┏━━

(* The 2n letters between the two x's of w_n have images of width at most 1 and fill the
   2m positions between the images of x. *)
lemma m_le_n: "m \<le> n"
proof -
  have "start (4*n+1) \<le> start (2*n+1) + ((4*n+1) - (2*n+1))"
  proof (rule start_le_linear)
    show "4*n+1 \<le> length (wm n)"
      by (simp add: length_wm)
    fix k
    assume "2*n+1 \<le> k" and "k < 4*n+1"
    moreover have "n \<le> n*n"
      by (simp add: le_square)
    ultimately show "width k \<le> 1"
      by (intro width_tail_le_1) linarith+
  qed simp
  then show ?thesis
    using start_after_x x_image by simp
qed

(* The position right after the image of the first x is covered by a letter at an odd tail
   position, whose twin lies 2n+1 positions earlier, so its image lies 2m+1 positions earlier. *)
lemma start_x_lower:
  assumes "0 < m"
  shows "2*m \<le> start (2*n)"
proof -
  have "start (2*n) + 1 < start (4*n+1)"
    using x_image assms by simp
  then obtain k where k: "2*n+1 \<le> k" "k < 4*n+1" "start k \<le> start (2*n) + 1"
      "start (2*n) + 1 < start k + width k"
    using start_cover[of "2*n+1" "4*n+1"] start_after_x by (auto simp: length_wm)
  have "n \<le> n*n"
    by (simp add: le_square)
  then have "width k = 1 \<and> (even (start k) \<longleftrightarrow> even k) \<and> (odd k \<longrightarrow> 2*m+1 \<le> start k)"
    using k by (intro tail_image) linarith+
  moreover from this have "start k = start (2*n) + 1"
    using k by simp
  ultimately show ?thesis
    using x_image by auto
qed

(* The position just before the image of k is covered by a letter at an even position k',
   and the twin k'+2n+1 of that letter has its image 2m+1 positions further on. *)
lemma x_orbit_step:
  assumes "0 < m" and "j < n" and "k < 4*n+2+2*n*j"
    and "start k = start (2*n) + j*(2*m) + 2*m + 1"
  shows "\<exists>k' < 4*n+2+2*n*(j+1). width k' = 1 \<and> start k' = start (2*n) + (j+1)*(2*m) + 2*m + 1"
proof -
  define p where "p = start (2*n) + j*(2*m) + 2*m"
  have "start (2*n+1) \<le> p" and "p < start k"
    using assms start_after_x by (simp_all add: p_def)
  moreover have "2*n*j + 2*n \<le> 2*n*n"
    using assms(2) by (metis add.commute mult_Suc_right mult_le_mono2 Suc_leI)
  then have "k < 2*n*n+2*n+2"
    using assms(3) by simp
  moreover from calculation have "2*n+1 \<le> k"
    using start_mono[of k "2*n+1"] by linarith
  ultimately obtain k' where k': "2*n+1 \<le> k'" "k' < k" "start k' \<le> p" "p < start k' + width k'"
    using start_cover[of "2*n+1" k p] by (auto simp: length_wm)
  have "k' < 2*n*n+2*n+2"
    using k' \<open>k < 2*n*n+2*n+2\<close> by simp
  then have tail: "width k' = 1 \<and> (even (start k') \<longleftrightarrow> even k')"
    using tail_image[of k'] k' by simp
  then have "start k' = p"
    using k' by simp
  then have "even k'"
    using tail x_image by (simp add: p_def)
  then have "k'+2*n+1 < length (wm n)" and "wm n ! k' = wm n ! (k'+2*n+1)"
    using wm_twin_position[OF k'(1) \<open>k' < 2*n*n+2*n+2\<close>] by simp_all
  then have "width (k'+2*n+1) = 1 \<and> start (k'+2*n+1) = p + 2*m + 1"
    using repeated_letter_image[of k' "k'+2*n+1"] tail \<open>start k' = p\<close> by simp
  moreover have "k'+2*n+1 < 4*n+2+2*n*(j+1)"
    using k' assms(3) by simp
  ultimately show ?thesis
    by (intro exI[of _ "k'+2*n+1"]) (simp add: p_def algebra_simps)
qed

lemma x_orbit:
  assumes "0 < m" and "j \<le> n"
  shows "\<exists>k < 4*n+2+2*n*j. width k = 1 \<and> start k = start (2*n) + j*(2*m) + 2*m + 1"
  using assms(2)
proof (induction j)
  case 0
  show ?case
    using x_image by (intro exI[of _ "4*n+1"]) simp
next
  case (Suc j)
  then obtain k where "k < 4*n+2+2*n*j" and "start k = start (2*n) + j*(2*m) + 2*m + 1"
    by auto
  then show ?case
    using x_orbit_step[OF assms(1)] Suc.prems by simp
qed

lemma n_le_m:
  assumes "0 < m"
  shows "n \<le> m"
proof -
  obtain k where k: "k < 4*n+2+2*n*n" "width k = 1" "start k = start (2*n) + n*(2*m) + 2*m + 1"
    using x_orbit[OF assms] by blast
  then have "k < length (wm n)"
    by (simp add: length_wm)
  then have "start k + width k \<le> length (wm m)"
    using start_Suc[of k] start_mono[of "Suc k" "length (wm n)"] start_bound by simp
  then have "start (2*n) + n*(2*m) + 2*m + 2 \<le> 2*m*m + 4*m + 2"
    using k by (simp add: length_wm)
  then have "n * m \<le> m * m"
    using start_x_lower[OF assms] by linarith
  then show ?thesis
    using assms by (simp add: mult_le_cancel2)
qed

┗━━

## [Prompt]
Every line of the entries that includes "exists" must be copied into the answer.

## [Exercise response]
  shows "\<exists>k' < 4*n+2+2*n*(j+1). width k' = 1 \<and> start k' = start (2*n) + (j+1)*(2*m) + 2*m + 1"
  shows "\<exists>k < 4*n+2+2*n*j. width k = 1 \<and> start k = start (2*n) + j*(2*m) + 2*m + 1"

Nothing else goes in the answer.